Requirement => Your answer must contain each line of the listing in which "longleftrightarrow" appears, copied in full.

------------------------

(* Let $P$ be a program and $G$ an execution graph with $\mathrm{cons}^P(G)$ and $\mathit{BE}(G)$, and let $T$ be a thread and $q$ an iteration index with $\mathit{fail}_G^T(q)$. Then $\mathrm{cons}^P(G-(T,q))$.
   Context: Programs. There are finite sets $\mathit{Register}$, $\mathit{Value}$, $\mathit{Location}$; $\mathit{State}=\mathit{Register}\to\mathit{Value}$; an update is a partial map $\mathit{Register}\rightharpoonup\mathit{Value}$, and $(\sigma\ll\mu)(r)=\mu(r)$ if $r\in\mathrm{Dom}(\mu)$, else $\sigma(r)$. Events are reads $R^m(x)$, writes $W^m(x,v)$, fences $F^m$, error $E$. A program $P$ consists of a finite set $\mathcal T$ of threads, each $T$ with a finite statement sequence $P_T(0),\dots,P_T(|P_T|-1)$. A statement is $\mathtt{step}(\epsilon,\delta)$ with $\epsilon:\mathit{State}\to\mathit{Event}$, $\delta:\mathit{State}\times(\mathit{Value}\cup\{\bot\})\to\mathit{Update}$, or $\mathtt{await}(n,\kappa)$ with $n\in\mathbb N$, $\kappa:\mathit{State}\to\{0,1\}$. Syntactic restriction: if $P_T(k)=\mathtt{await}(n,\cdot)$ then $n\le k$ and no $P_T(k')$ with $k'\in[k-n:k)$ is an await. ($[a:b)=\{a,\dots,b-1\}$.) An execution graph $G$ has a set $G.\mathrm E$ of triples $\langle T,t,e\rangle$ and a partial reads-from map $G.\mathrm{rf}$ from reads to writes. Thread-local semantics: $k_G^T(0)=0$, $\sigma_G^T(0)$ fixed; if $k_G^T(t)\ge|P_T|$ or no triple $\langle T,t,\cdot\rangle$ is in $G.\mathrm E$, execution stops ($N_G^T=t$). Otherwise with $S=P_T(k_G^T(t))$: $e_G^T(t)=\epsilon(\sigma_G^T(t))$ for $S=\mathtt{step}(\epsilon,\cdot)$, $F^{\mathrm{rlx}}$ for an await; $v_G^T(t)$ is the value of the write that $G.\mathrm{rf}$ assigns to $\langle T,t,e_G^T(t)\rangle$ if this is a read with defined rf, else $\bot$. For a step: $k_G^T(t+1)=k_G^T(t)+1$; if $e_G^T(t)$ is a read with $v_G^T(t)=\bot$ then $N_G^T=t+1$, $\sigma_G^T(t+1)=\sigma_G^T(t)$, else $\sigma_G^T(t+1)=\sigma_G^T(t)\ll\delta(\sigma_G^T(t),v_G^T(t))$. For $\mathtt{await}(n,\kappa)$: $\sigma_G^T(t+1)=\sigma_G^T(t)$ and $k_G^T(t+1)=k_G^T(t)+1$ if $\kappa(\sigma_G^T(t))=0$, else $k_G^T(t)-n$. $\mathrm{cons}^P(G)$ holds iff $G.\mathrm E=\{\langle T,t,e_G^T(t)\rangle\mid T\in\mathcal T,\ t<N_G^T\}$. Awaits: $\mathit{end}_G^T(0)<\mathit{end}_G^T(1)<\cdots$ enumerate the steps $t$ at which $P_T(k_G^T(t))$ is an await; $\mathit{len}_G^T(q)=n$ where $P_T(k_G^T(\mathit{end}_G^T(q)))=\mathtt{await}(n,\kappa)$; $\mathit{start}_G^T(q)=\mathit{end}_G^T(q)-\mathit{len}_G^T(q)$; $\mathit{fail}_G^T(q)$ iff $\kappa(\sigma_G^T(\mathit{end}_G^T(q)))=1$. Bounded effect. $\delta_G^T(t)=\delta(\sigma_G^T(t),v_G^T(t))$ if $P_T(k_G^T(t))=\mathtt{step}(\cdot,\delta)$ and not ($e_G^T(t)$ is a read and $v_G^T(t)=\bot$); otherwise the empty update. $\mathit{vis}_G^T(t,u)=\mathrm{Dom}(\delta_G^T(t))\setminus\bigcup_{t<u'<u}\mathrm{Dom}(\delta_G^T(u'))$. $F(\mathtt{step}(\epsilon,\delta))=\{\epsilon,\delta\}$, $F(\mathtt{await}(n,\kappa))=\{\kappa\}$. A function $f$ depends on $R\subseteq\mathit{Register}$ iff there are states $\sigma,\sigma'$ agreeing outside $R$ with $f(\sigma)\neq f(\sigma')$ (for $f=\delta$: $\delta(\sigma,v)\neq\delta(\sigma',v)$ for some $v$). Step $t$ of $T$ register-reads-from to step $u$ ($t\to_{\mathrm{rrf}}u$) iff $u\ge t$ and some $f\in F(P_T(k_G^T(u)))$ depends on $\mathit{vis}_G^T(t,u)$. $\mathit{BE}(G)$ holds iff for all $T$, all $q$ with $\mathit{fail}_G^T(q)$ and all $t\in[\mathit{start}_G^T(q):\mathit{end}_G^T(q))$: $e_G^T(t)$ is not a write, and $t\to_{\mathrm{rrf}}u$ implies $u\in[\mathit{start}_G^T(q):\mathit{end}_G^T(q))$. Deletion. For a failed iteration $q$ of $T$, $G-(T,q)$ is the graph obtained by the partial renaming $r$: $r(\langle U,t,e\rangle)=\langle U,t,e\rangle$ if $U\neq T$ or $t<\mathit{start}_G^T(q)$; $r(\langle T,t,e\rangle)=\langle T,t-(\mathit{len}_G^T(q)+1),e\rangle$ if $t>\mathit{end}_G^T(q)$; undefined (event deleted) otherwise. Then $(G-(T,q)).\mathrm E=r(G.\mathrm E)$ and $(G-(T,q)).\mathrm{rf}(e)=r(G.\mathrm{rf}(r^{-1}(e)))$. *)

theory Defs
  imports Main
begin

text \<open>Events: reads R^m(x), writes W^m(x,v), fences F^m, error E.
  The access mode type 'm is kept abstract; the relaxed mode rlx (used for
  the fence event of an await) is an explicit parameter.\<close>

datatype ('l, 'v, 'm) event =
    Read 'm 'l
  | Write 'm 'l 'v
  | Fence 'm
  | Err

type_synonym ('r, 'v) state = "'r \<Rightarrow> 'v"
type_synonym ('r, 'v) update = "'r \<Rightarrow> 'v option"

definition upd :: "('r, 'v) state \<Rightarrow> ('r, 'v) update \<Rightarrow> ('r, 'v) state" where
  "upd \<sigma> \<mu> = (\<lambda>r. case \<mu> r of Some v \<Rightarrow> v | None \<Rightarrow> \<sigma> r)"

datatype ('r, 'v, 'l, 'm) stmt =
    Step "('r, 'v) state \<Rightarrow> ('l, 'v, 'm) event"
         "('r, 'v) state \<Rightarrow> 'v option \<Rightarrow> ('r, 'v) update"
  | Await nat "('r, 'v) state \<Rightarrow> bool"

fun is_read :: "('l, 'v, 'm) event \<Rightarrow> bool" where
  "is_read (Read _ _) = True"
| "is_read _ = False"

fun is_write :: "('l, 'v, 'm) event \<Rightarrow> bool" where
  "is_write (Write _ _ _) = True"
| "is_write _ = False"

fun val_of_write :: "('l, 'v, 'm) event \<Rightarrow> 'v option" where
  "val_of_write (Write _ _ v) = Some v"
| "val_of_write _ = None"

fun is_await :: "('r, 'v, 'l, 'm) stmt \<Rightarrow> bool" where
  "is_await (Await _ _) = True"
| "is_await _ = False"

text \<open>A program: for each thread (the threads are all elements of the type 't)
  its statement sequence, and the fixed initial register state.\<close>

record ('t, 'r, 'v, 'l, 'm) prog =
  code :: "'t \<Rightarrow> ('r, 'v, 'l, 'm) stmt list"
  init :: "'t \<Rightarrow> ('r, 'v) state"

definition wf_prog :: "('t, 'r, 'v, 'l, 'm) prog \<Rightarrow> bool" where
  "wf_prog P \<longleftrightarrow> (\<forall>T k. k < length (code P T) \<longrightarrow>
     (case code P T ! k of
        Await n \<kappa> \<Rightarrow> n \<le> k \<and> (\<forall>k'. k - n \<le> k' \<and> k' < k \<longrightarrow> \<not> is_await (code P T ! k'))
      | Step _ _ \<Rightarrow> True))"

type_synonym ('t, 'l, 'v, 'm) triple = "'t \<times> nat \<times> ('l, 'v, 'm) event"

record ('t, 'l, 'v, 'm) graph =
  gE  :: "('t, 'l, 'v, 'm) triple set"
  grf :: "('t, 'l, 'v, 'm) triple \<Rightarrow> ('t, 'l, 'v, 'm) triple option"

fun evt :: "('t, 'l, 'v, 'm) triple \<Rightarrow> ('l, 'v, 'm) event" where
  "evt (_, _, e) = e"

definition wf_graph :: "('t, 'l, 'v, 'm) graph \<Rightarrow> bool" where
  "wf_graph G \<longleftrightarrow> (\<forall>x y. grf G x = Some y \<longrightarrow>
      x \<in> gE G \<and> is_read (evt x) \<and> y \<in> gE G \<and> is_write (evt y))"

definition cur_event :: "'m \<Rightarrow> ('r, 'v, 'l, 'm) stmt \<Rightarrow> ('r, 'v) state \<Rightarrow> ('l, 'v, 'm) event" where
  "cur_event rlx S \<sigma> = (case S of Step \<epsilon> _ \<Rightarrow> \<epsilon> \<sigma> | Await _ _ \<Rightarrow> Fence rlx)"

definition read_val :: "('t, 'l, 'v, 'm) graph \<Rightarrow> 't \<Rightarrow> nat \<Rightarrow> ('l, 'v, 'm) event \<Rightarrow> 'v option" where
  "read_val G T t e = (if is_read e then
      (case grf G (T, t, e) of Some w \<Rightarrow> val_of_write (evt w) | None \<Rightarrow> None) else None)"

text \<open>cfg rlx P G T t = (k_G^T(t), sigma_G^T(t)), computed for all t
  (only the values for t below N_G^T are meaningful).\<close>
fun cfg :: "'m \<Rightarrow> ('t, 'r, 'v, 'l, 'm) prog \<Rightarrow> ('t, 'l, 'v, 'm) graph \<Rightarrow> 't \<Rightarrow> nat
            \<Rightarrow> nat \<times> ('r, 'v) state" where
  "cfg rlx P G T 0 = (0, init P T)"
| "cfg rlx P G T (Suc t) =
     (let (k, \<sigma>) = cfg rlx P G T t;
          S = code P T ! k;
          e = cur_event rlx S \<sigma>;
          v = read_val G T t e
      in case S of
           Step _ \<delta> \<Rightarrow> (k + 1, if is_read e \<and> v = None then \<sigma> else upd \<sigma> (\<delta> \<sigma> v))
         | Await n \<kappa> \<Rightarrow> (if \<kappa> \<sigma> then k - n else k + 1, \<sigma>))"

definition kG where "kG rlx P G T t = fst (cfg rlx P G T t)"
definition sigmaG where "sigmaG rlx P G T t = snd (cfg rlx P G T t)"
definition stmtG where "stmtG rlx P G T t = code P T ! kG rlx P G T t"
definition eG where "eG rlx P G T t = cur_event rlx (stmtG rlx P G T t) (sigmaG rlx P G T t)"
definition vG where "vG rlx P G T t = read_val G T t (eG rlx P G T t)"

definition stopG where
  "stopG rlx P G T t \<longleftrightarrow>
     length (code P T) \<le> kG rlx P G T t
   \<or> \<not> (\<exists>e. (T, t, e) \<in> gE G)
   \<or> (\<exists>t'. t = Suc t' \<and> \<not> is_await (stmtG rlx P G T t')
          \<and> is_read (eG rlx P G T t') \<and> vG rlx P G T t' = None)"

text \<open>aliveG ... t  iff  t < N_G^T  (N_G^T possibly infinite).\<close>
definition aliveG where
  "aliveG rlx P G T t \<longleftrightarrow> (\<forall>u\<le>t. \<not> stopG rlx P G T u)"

------------------------

Answer box =>
  "wf_prog P \<longleftrightarrow> (\<forall>T k. k < length (code P T) \<longrightarrow>
  "wf_graph G \<longleftrightarrow> (\<forall>x y. grf G x = Some y \<longrightarrow>
  "stopG rlx P G T t \<longleftrightarrow>
  "aliveG rlx P G T t \<longleftrightarrow> (\<forall>u\<le>t. \<not> stopG rlx P G T u)"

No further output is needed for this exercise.